Data source: NAB Group Economics
Household spending
The ABS Monthly Household Spending Indicator for the April 2025 reference period indicates an increase in household spending of +3.7% compared to April 2024 in current prices. In NSW, total household spending increased by +2.6%, led by spending on services (+5.7%), whilst spending on goods was flat (+0%). Spending on food in NSW increased +7%, whilst expenditure on alcohol and tobacco decreased 12%. Discretionary expenditure (+2.1% overall) was driven by spending on recreation and culture (+7.7%) and hospitality (+8.5%)
The consumer price index rose 2.4% in the 12 months to April 2025 following previous trends in 2023 and 2024. The annualised CPI is down from a peak of over 8% in December 2022, now closer to long-term averages. Similar to the last dashboard update, housing (+2.2%), food and non-alcoholic beverages (+3.1%) were the main drivers. Prices for recreation and culture also rose +3.6%. Dairy was the only grocery product that saw price declines, with fruit and vegetables showing the highest increase. Automotive fuel prices fell 13% in the 12 months to April, whilst rents are still rising (0.3% for the month of April, 5.0% for the 12 months to April).

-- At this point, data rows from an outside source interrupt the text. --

(* Let ${\bf A},{\bf A}^\dagger$ be linear operators acting on real functions on a set $\Omega$ (on a common invariant domain) with $[{\bf A},{\bf A}^\dagger]=I$. Let $D:\Omega\times\mathbb N\to\mathbb R$ be functions such that $({\bf A}^\dagger_l)^nD(x,0)=D(x,n)$ for all $n\in\mathbb N$, $x\in\Omega$, and ${\bf A}_lD(x,0)=0$. Then ${\bf A}\rightarrow^Da$ and ${\bf A}^\dagger\rightarrow^Da^\dagger$. Consequently, for any polynomials $\alpha_n$, $0\le n\le m$, $\sum_{n=0}^m\alpha_n({\bf A}^\dagger){\bf A}^n\rightarrow^D\sum_{n=0}^m a^n\alpha_n(a^\dagger)$.
   Context: $\mathbb N=\{0,1,2,\dots\}$. On functions $f:\mathbb N\to\mathbb R$: $af(n)=nf(n-1)$, $a^\dagger f(n)=f(n+1)$. $[X,Y]=XY-YX$ and $I$ is the identity. Left/right actions: $(K_lD)(x,n)=(KD(\cdot,n))(x)$, $(\widehat K_rD)(x,n)=(\widehat KD(x,\cdot))(n)$; $K\rightarrow^D\widehat K$ means $K_lD=\widehat K_rD$. *)

theory Defs
  imports Main "HOL-Computational_Algebra.Polynomial"
begin

definition a_op :: "(nat \<Rightarrow> real) \<Rightarrow> nat \<Rightarrow> real" where
  "a_op f n = real n * f (n - 1)"

definition adag_op :: "(nat \<Rightarrow> real) \<Rightarrow> nat \<Rightarrow> real" where
  "adag_op f n = f (Suc n)"

definition left_act :: "(('a \<Rightarrow> real) \<Rightarrow> ('a \<Rightarrow> real)) \<Rightarrow> ('a \<Rightarrow> nat \<Rightarrow> real) \<Rightarrow> 'a \<Rightarrow> nat \<Rightarrow> real" where
  "left_act K D = (\<lambda>x n. K (\<lambda>y. D y n) x)"

definition right_act :: "((nat \<Rightarrow> real) \<Rightarrow> (nat \<Rightarrow> real)) \<Rightarrow> ('a \<Rightarrow> nat \<Rightarrow> real) \<Rightarrow> 'a \<Rightarrow> nat \<Rightarrow> real" where
  "right_act K D = (\<lambda>x n. K (\<lambda>m. D x m) n)"

definition intertwines :: "(('a \<Rightarrow> real) \<Rightarrow> ('a \<Rightarrow> real)) \<Rightarrow> ('a \<Rightarrow> nat \<Rightarrow> real) \<Rightarrow> ((nat \<Rightarrow> real) \<Rightarrow> (nat \<Rightarrow> real)) \<Rightarrow> bool" where
  "intertwines K D Khat \<longleftrightarrow> left_act K D = right_act Khat D"

definition poly_op :: "real poly \<Rightarrow> (('b \<Rightarrow> real) \<Rightarrow> ('b \<Rightarrow> real)) \<Rightarrow> ('b \<Rightarrow> real) \<Rightarrow> 'b \<Rightarrow> real" where
  "poly_op p K f = (\<lambda>x. \<Sum>j\<le>degree p. coeff p j * (K ^^ j) f x)"

definition fun_subspace :: "('a \<Rightarrow> real) set \<Rightarrow> bool" where
  "fun_subspace V \<longleftrightarrow> (\<lambda>x. 0) \<in> V \<and> (\<forall>f\<in>V. \<forall>g\<in>V. (\<lambda>x. f x + g x) \<in> V)
     \<and> (\<forall>c f. f \<in> V \<longrightarrow> (\<lambda>x. c * f x) \<in> V)"

definition linear_on :: "('a \<Rightarrow> real) set \<Rightarrow> (('a \<Rightarrow> real) \<Rightarrow> ('a \<Rightarrow> real)) \<Rightarrow> bool" where
  "linear_on V K \<longleftrightarrow> (\<forall>f\<in>V. \<forall>g\<in>V. K (\<lambda>x. f x + g x) = (\<lambda>x. K f x + K g x))
     \<and> (\<forall>c. \<forall>f\<in>V. K (\<lambda>x. c * f x) = (\<lambda>x. c * K f x))"

end

theory Submission
  imports Defs
begin

text \<open>The ladder relation \<open>A D(\<cdot>,n) = n D(\<cdot>,n-1)\<close> follows by induction on \<open>n\<close> from
  \<open>A A\<^sup>\<dagger> = A\<^sup>\<dagger> A + I\<close> and the vacuum condition \<open>A D(\<cdot>,0) = 0\<close>; together with
  \<open>A\<^sup>\<dagger> D(\<cdot>,n) = D(\<cdot>,n+1)\<close> this is exactly \<open>A \<rightarrow>\<^sup>D a\<close> and \<open>A\<^sup>\<dagger> \<rightarrow>\<^sup>D a\<^sup>\<dagger>\<close>.
  Iterating gives \<open>A\<^sup>k D(\<cdot>,n) = n(n-1)\<cdots>(n-k+1) D(\<cdot>,n-k)\<close> and \<open>(A\<^sup>\<dagger>)\<^sup>j D(\<cdot>,n) = D(\<cdot>,n+j)\<close>,
  and the same formulas hold for \<open>a\<^sup>k\<close> and \<open>(a\<^sup>\<dagger>)\<^sup>j\<close> acting on sequences, so both sides of
  the normally ordered identity reduce to the same finite sum.\<close>

lemma intertwinesI:
  assumes "\<And>x n. K (\<lambda>y. D y n) x = Khat (D x) n"
  shows "intertwines K D Khat"
  using assms by (auto simp: intertwines_def left_act_def right_act_def fun_eq_iff)

lemma funpow_closed:
  assumes "\<forall>f\<in>V. K f \<in> V" "f \<in> V"
  shows "(K ^^ j) f \<in> V"
  by (induction j) (use assms in auto)

lemma funpow_scale:
  assumes inv: "\<forall>f\<in>V. K f \<in> V" and lin: "linear_on V K" and f: "f \<in> V"
  shows "(K ^^ j) (\<lambda>x. c * f x) = (\<lambda>x. c * (K ^^ j) f x)"
proof (induction j)
  case (Suc j)
  have "(K ^^ j) f \<in> V" using inv f by (rule funpow_closed)
  with lin Suc show ?case by (simp add: linear_on_def)
qed simp

lemma a_op_funpow: "(a_op ^^ k) g n = (\<Prod>i<k. real (n - i)) * g (n - k)"
  by (induction k arbitrary: g) (simp_all add: a_op_def funpow_Suc_right del: funpow.simps)

lemma adag_op_funpow: "(adag_op ^^ j) g n = g (n + j)"
  by (induction j arbitrary: n) (simp_all add: adag_op_def)

locale vacuum_ladder =
  fixes A Ad :: "('a \<Rightarrow> real) \<Rightarrow> ('a \<Rightarrow> real)"
    and V :: "('a \<Rightarrow> real) set"
    and D :: "'a \<Rightarrow> nat \<Rightarrow> real"
  assumes Ad_inv: "\<forall>f\<in>V. Ad f \<in> V"
    and A_lin: "linear_on V A" and Ad_lin: "linear_on V Ad"
    and comm: "\<forall>f\<in>V. \<forall>x. A (Ad f) x - Ad (A f) x = f x"
    and D0: "(\<lambda>x. D x 0) \<in> V"
    and Dn: "\<forall>n x. (Ad ^^ n) (\<lambda>y. D y 0) x = D x n"
    and vac: "\<forall>x. A (\<lambda>y. D y 0) x = 0"
begin

lemma Ad_funpow_vacuum: "(Ad ^^ n) (\<lambda>y. D y 0) = (\<lambda>y. D y n)"
  using Dn by auto

lemma D_in_V: "(\<lambda>y. D y n) \<in> V"
  using funpow_closed[OF Ad_inv D0, of n] by (simp add: Ad_funpow_vacuum)

lemma Ad_D: "Ad (\<lambda>y. D y n) = (\<lambda>y. D y (Suc n))"
  using Ad_funpow_vacuum[of "Suc n"] by (simp add: Ad_funpow_vacuum)

lemma Ad_funpow_D: "(Ad ^^ j) (\<lambda>y. D y n) = (\<lambda>y. D y (n + j))"
  by (induction j) (simp_all add: Ad_D)

lemma A_D: "A (\<lambda>y. D y n) = (\<lambda>x. real n * D x (n - 1))"
proof (induction n)
  case 0
  then show ?case using vac by (simp add: fun_eq_iff)
next
  case (Suc n)
  have "Ad (A (\<lambda>y. D y n)) = (\<lambda>x. real n * D x (Suc (n - 1)))"
    using Suc Ad_lin D_in_V by (simp add: linear_on_def Ad_D)
  also have "\<dots> = (\<lambda>x. real n * D x n)"
    by (cases n) simp_all
  finally have lowered: "Ad (A (\<lambda>y. D y n)) = (\<lambda>x. real n * D x n)" .
  have "A (\<lambda>y. D y (Suc n)) = A (Ad (\<lambda>y. D y n))"
    by (simp add: Ad_D)
  also have "\<dots> = (\<lambda>x. Ad (A (\<lambda>y. D y n)) x + D x n)"
    using comm D_in_V by (auto simp: algebra_simps)
  finally show ?case
    by (simp add: lowered algebra_simps)
qed

lemma A_funpow_D: "(A ^^ k) (\<lambda>y. D y n) = (\<lambda>x. (\<Prod>i<k. real (n - i)) * D x (n - k))"
proof (induction k)
  case (Suc k)
  have "(A ^^ Suc k) (\<lambda>y. D y n) = A (\<lambda>x. (\<Prod>i<k. real (n - i)) * D x (n - k))"
    by (simp add: Suc.IH)
  also have "\<dots> = (\<lambda>x. (\<Prod>i<k. real (n - i)) * A (\<lambda>y. D y (n - k)) x)"
    using A_lin D_in_V by (simp add: linear_on_def)
  finally show ?case
    by (simp add: A_D mult.assoc)
qed simp

lemma intertwines_A: "intertwines A D a_op"
  by (rule intertwinesI) (simp add: A_D a_op_def)

lemma intertwines_Ad: "intertwines Ad D adag_op"
  by (rule intertwinesI) (simp add: Ad_D adag_op_def)

lemma poly_Ad_funpow_A_D:
  "poly_op p Ad ((A ^^ k) (\<lambda>y. D y n)) x = (a_op ^^ k) (poly_op p adag_op (D x)) n"
proof -
  have "poly_op p Ad ((A ^^ k) (\<lambda>y. D y n)) x
      = (\<Sum>j\<le>degree p. coeff p j * ((\<Prod>i<k. real (n - i)) * D x (n - k + j)))"
    unfolding poly_op_def A_funpow_D funpow_scale[OF Ad_inv Ad_lin D_in_V] Ad_funpow_D
    by simp
  also have "\<dots> = (\<Prod>i<k. real (n - i)) * (\<Sum>j\<le>degree p. coeff p j * D x (n - k + j))"
    by (simp add: sum_distrib_left algebra_simps)
  also have "\<dots> = (a_op ^^ k) (poly_op p adag_op (D x)) n"
    by (simp add: a_op_funpow poly_op_def adag_op_funpow)
  finally show ?thesis .
qed

lemma intertwines_normal_ordered:
  "intertwines (\<lambda>f x. \<Sum>n\<le>m. poly_op (\<alpha> n) Ad ((A ^^ n) f) x) D
               (\<lambda>g k. \<Sum>n\<le>m. (a_op ^^ n) (poly_op (\<alpha> n) adag_op g) k)"
  by (rule intertwinesI) (simp only: poly_Ad_funpow_A_D)

end

theorem proposition3p1:
  fixes A Ad :: "('a \<Rightarrow> real) \<Rightarrow> ('a \<Rightarrow> real)"
    and V :: "('a \<Rightarrow> real) set"
    and D :: "'a \<Rightarrow> nat \<Rightarrow> real"
  assumes V: "fun_subspace V"
    and A_inv: "\<forall>f\<in>V. A f \<in> V" and Ad_inv: "\<forall>f\<in>V. Ad f \<in> V"
    and A_lin: "linear_on V A" and Ad_lin: "linear_on V Ad"
    and comm: "\<forall>f\<in>V. \<forall>x. A (Ad f) x - Ad (A f) x = f x"
    and D0: "(\<lambda>x. D x 0) \<in> V"
    and Dn: "\<forall>n x. (Ad ^^ n) (\<lambda>y. D y 0) x = D x n"
    and vac: "\<forall>x. A (\<lambda>y. D y 0) x = 0"
  shows "intertwines A D a_op \<and> intertwines Ad D adag_op \<and>
    (\<forall>(\<alpha> :: nat \<Rightarrow> real poly) m.
       intertwines (\<lambda>f x. \<Sum>n\<le>m. poly_op (\<alpha> n) Ad ((A ^^ n) f) x) D
                   (\<lambda>g k. \<Sum>n\<le>m. (a_op ^^ n) (poly_op (\<alpha> n) adag_op g) k))"
proof -
  interpret vacuum_ladder A Ad V D
    using Ad_inv A_lin Ad_lin comm D0 Dn vac by unfold_locales
  show ?thesis
    using intertwines_A intertwines_Ad intertwines_normal_ordered by blast
qed

end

Data source: ABS Monthly consumer price index indicator
The ABS publishes specific price data on housing related expenses to give better insights (at the national level) into the price movements of purchases, rents and other expenses. Rents are still rising (up 5.0% in the previous 12 months). In comparison new dwelling prices have risen 1.2%. Electricity prices have fallen 6.5%, but have been highly affected by the availability of state and federal rebates.
Data source: ABS Monthly consumer price index indicator
An ongoing challenge for housing is the need for a reduction in costs related to construction in order to ensure an adequate supply of building for a growing population. Construction price indices show that prices have further stabilised since the start of 2023, with input prices for construction in Sydney declining by 0.1% in the March quarter, mainly due to reductions in timber prices. Prices of construction output still rose, however, mainly due to increased labour costs.